Kierdorf Jana, Stomberg Timo Tjarden, Drees Lukas, Rascher Uwe, Roscher Ribana
Remote Sensing Group, Institute of Geodesy and Geoinformation, University of Bonn, Bonn, Germany.
Institute of Bio- and Geosciences, IBG-2: Plant Sciences, Forschungszentrum Jülich GmbH, Jülich, Germany.
Front Artif Intell. 2024 Sep 18;7:1416323. doi: 10.3389/frai.2024.1416323. eCollection 2024.
Cauliflower cultivation is subject to high-quality control criteria during sales, which underlines the importance of accurate harvest timing. Using time series data for plant phenotyping can provide insights into the dynamic development of cauliflower and allow more accurate predictions of when the crop is ready for harvest than single-time observations. However, data acquisition on a daily or weekly basis is resource-intensive, making selection of acquisition days highly important. We investigate which data acquisition days and development stages positively affect the model accuracy to get insights into prediction-relevant observation days and aid future data acquisition planning. We analyze harvest-readiness using the cauliflower image time series of the GrowliFlower dataset. We use an adjusted ResNet18 classification model, including positional encoding of the data acquisition dates to add implicit information about development. The explainable machine learning approach GroupSHAP analyzes time points' contributions. Time points with the lowest mean absolute contribution are excluded from the time series to determine their effect on model accuracy. Using image time series rather than single time points, we achieve an increase in accuracy of 4%. GroupSHAP allows the selection of time points that positively affect the model accuracy. By using seven selected time points instead of all 11 ones, the accuracy improves by an additional 4%, resulting in an overall accuracy of 89.3%. The selection of time points may therefore lead to a reduction in data collection in the future.

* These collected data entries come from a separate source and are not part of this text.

(* Let $u$ be a recurrent aperiodic infinite word over $\{0,\ldots,q-1\}$. The valid permutation $\alpha_u$ is ergodic if and only if for every factor $w$ of $u$ the uniform frequency $\rho_w(u)$ exists and $\rho_w(u)\neq 0$.
   Context: For an aperiodic infinite word $u$ over $\{0,\ldots,q-1\}$ with shifts $T^n u=u[n]u[n+1]\cdots$, the valid permutation $\alpha_u$ is the infinite permutation represented by the sequence $(0.T^n u)_{n\ge0}$ of real numbers written in base $q$; equivalently $\alpha_u[i]<\alpha_u[j]$ iff $T^i u$ is lexicographically smaller than $T^j u$. An infinite permutation is an equivalence class of real sequences with pairwise distinct elements, two sequences $(a[n]),(b[n])$ being equivalent iff $a[i]<a[j]\Leftrightarrow b[i]<b[j]$ for all $i,j$. A real sequence $(a[i])_{i\ge 0}$ is canonical if its elements are pairwise distinct, lie in $[0,1]$, and for every $t\in[0,1]$ the ratio $\#\{0\le k<n: a[j+k]<t\}/n\to t$ as $n\to\infty$ uniformly in $j$; a permutation is ergodic if it has a canonical representative. For a factor $w$ of $u$, the uniform frequency $\rho_w(u)$ exists if $|u[i..i+n]|_w/(n+1)$ converges to $\rho_w(u)$ as $n\to\infty$ uniformly in $i$, where $|x|_w$ is the number of occurrences of $w$ in $x$. *)

theory Defs
  imports Complex_Main
begin

text \<open>Infinite words are functions nat => nat; the alphabet is {0..q-1}.\<close>

definition shift :: "nat \<Rightarrow> (nat \<Rightarrow> nat) \<Rightarrow> (nat \<Rightarrow> nat)" where
  "shift n u = (\<lambda>k. u (n + k))"

definition lex_less :: "(nat \<Rightarrow> nat) \<Rightarrow> (nat \<Rightarrow> nat) \<Rightarrow> bool" where
  "lex_less x y \<longleftrightarrow> (\<exists>k. (\<forall>m<k. x m = y m) \<and> x k < y k)"
lemma test_supermartingale_le_power:
  assumes I: "interval_forecast I" and T: "test_supermartingale I T"
    and p: "p \<in> I" "0 < p" "p < 1"
  shows "T s \<le> (1/p + 1/(1 - p)) ^ length s"
proof (induction s rule: rev_induct)
  case Nil
  then show ?case
    using T by (simp add: test_supermartingale_def)
next
  case (snoc x s)
  let ?K = "1/p + 1/(1 - p)"
  have nonneg: "0 \<le> T s'" for s'
    using T by (simp add: test_supermartingale_def)
  have step: "p * T (s @ [True]) + (1 - p) * T (s @ [False]) \<le> T s"
    by (rule test_supermartingale_step[OF I T p(1)])
  moreover have "0 \<le> p * T (s @ [True])" "0 \<le> (1 - p) * T (s @ [False])"
    using nonneg p by simp_all
  ultimately have "p * T (s @ [True]) \<le> T s" "(1 - p) * T (s @ [False]) \<le> T s"
    by linarith+
  then have "T (s @ [True]) \<le> 1/p * T s" "T (s @ [False]) \<le> 1/(1 - p) * T s"
    using p by (simp_all add: field_simps)
  moreover have "1/p * T s \<le> ?K * T s"
    using p nonneg[of s] by (intro mult_right_mono) simp_all
  moreover have "1/(1 - p) * T s \<le> ?K * T s"
    using p nonneg[of s] by (intro mult_right_mono) simp_all
  ultimately have "T (s @ [x]) \<le> ?K * T s"
    by (cases x) auto
  also have "\<dots> \<le> ?K * ?K ^ length s"
    using snoc.IH p by (intro mult_left_mono) auto
  finally show ?case
    by simp
qed

lemma test_supermartingale_mixture:
  assumes I: "interval_forecast I" and T: "\<And>i. test_supermartingale I (T i)"
    and c: "c sums 1" "\<And>i. 0 \<le> c i"
    and summable: "\<And>s. summable (\<lambda>i. c i * T i s)"
  shows "test_supermartingale I (\<lambda>s. \<Sum>i. c i * T i s)"
  unfolding test_supermartingale_def
proof (intro conjI allI)
  have T_nonneg: "0 \<le> T i s" for i s
    using T by (simp add: test_supermartingale_def)
  show "0 \<le> (\<Sum>i. c i * T i s)" for s
    using summable T_nonneg c(2) by (intro suminf_nonneg) auto
  show "(\<Sum>i. c i * T i []) = 1"
    using T c(1) by (simp add: test_supermartingale_def sums_iff)
  fix s
  let ?S = "\<lambda>s. \<Sum>i. c i * T i s"
  show "upper_exp I (\<lambda>x. ?S (s @ [x]) - ?S s) \<le> 0"
    unfolding upper_exp_le_iff[OF I]
  proof
    fix p assume p: "p \<in> I"
    let ?t = "\<lambda>i. c i * (p * (T i (s @ [True]) - T i s) + (1 - p) * (T i (s @ [False]) - T i s))"
    have "?t sums (p * (?S (s @ [True]) - ?S s) + (1 - p) * (?S (s @ [False]) - ?S s))"
    proof -
      have "(\<lambda>i. p * (c i * T i (s @ [True]) - c i * T i s) + (1 - p) * (c i * T i (s @ [False]) - c i * T i s))
            sums (p * (?S (s @ [True]) - ?S s) + (1 - p) * (?S (s @ [False]) - ?S s))"
        using summable by (intro sums_add sums_mult sums_diff summable_sums)
      then show ?thesis
        by (simp add: algebra_simps)
    qed
    moreover have "?t i \<le> 0" for i
      using test_supermartingale_step[OF I T p, of i s] c(2)[of i]
      by (intro mult_nonneg_nonpos) (auto simp: algebra_simps)
    ultimately show "p * (?S (s @ [True]) - ?S s) + (1 - p) * (?S (s @ [False]) - ?S s) \<le> 0"
      using sums_le[of ?t "\<lambda>_. 0"] by fastforce
  qed
qed
text \<open>Chebyshev's inequality: for 1 \<le> n p \<le> 3/2 the mean of the small part is at least
  2^n e^-3 / n, while its variance is only 2^n times a power of n and T.\<close>

theorem small_part_concentration:
  fixes n :: nat and p T :: real
  defines "P \<equiv> Pi_pmf (cube_vertices n) False (\<lambda>_. bernoulli_pmf p)"
    and "X \<equiv> \<lambda>G. real (card (small_part T (kept n G)))"
  assumes p: "0 < p" "p \<le> 1/2" "1 \<le> real n * p" "real n * p \<le> 3/2" and T: "1 < T"
  shows "measure_pmf.prob P
           {G. measure_pmf.expectation P X / real n \<le> \<bar>X G - measure_pmf.expectation P X\<bar>}
      \<le> (1 + real n * T)\<^sup>2 * real n ^ 4 * exp 6 / 2 ^ n"
proof -
  define F where "F = (\<lambda>K. real (card (small_part T K)))"
  define E where "E = measure_pmf.expectation P X"
  define D where "D = 2 ^ n * (1 + real n * T)\<^sup>2"
  define y where "y = 2 ^ n * exp (-3) / (real n)\<^sup>2"
  have p01: "0 \<le> p" "p \<le> 1" using p by auto
  have n: "real n > 0" using p by (cases "n = 0") auto
  have E: "E = subset_exp p (cube_vertices n) F"
    using expectation_kept[OF p01, of n F] unfolding E_def P_def X_def F_def .
  have "y = 2 ^ n * exp (-3) / real n / real n" unfolding y_def by (simp add: power2_eq_square)
  also have "\<dots> \<le> E / real n"
    using expected_small_part_window[OF p T] unfolding E F_def by (rule divide_right_mono) simp
  finally have y: "0 < y" "y \<le> E / real n" unfolding y_def using n by simp_all
  have "measure_pmf.expectation P (\<lambda>G. (X G - E)\<^sup>2) = subset_exp p (cube_vertices n) (\<lambda>K. (F K - E)\<^sup>2)"
    using expectation_kept[OF p01, of n "\<lambda>K. (F K - E)\<^sup>2"] unfolding P_def X_def F_def .
  also have "\<dots> \<le> D"
    using small_part_variance[OF p01, of T n] T unfolding E D_def F_def by simp
  finally have var: "measure_pmf.expectation P (\<lambda>G. (X G - E)\<^sup>2) \<le> D" .
  have "finite (set_pmf P)" unfolding P_def by (rule finite_set_pmf_Pi_bernoulli) (simp add: cube_vertices_def)
  hence "measure_pmf.prob P {G. E / real n \<le> \<bar>X G - E\<bar>}
      \<le> measure_pmf.expectation P (\<lambda>G. (X G - E)\<^sup>2) / (E / real n)\<^sup>2"
    using measure_pmf.Chebyshev_inequality[of X P "E / real n"] y
    by (simp add: E_def integrable_measure_pmf_finite)
  also have "\<dots> \<le> D / (E / real n)\<^sup>2"
    using var by (simp add: divide_right_mono)
  also have "\<dots> \<le> D / y\<^sup>2"
    using y n unfolding D_def by (intro divide_left_mono power_mono mult_pos_pos) auto
  also have "D / y\<^sup>2 = (1 + real n * T)\<^sup>2 * real n ^ 4 * exp 6 / 2 ^ n"
  proof -
    have "exp (-3) ^ 2 * exp 6 = (1::real)"
      by (simp add: exp_of_nat_mult[symmetric] exp_add[symmetric])
    thus ?thesis using n unfolding y_def D_def
      by (simp add: field_simps power2_eq_square) (simp add: algebra_simps eval_nat_numeral)
  qed
  finally show ?thesis unfolding E_def .
qed

section \<open>Survival of the Galton--Watson process\<close>

text \<open>Probability generating functions (with values in ennreal, so no integrability
  side conditions arise).\<close>

definition pgf :: "nat pmf \<Rightarrow> real \<Rightarrow> ennreal" where
  "pgf M s = (\<integral>\<^sup>+x. ennreal (s ^ x) \<partial>measure_pmf M)"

花椰菜种植在销售过程中要遵循高质量控制标准,这凸显了准确收获时机的重要性。利用时间序列数据进行植物表型分析,可以深入了解花椰菜的动态发育情况,并且与单次观测相比,能够更准确地预测作物何时可以收获。然而,每天或每周进行数据采集资源消耗大,因此选择采集日期至关重要。我们研究哪些数据采集日期和发育阶段对模型准确性有积极影响,以深入了解与预测相关的观测日期,并为未来的数据采集计划提供帮助。我们使用GrowliFlower数据集的花椰菜图像时间序列来分析收获准备情况。我们使用一个经过调整的ResNet18分类模型,包括对数据采集日期进行位置编码,以添加有关发育的隐含信息。可解释机器学习方法GroupSHAP分析时间点的贡献。从时间序列中排除平均绝对贡献最低的时间点,以确定它们对模型准确性的影响。使用图像时间序列而非单个时间点,我们的准确率提高了4%。GroupSHAP允许选择对模型准确性有积极影响的时间点。通过使用七个选定的时间点而非全部11个时间点,准确率又提高了4%,总体准确率达到89.3%。因此,时间点的选择可能会在未来减少数据收集。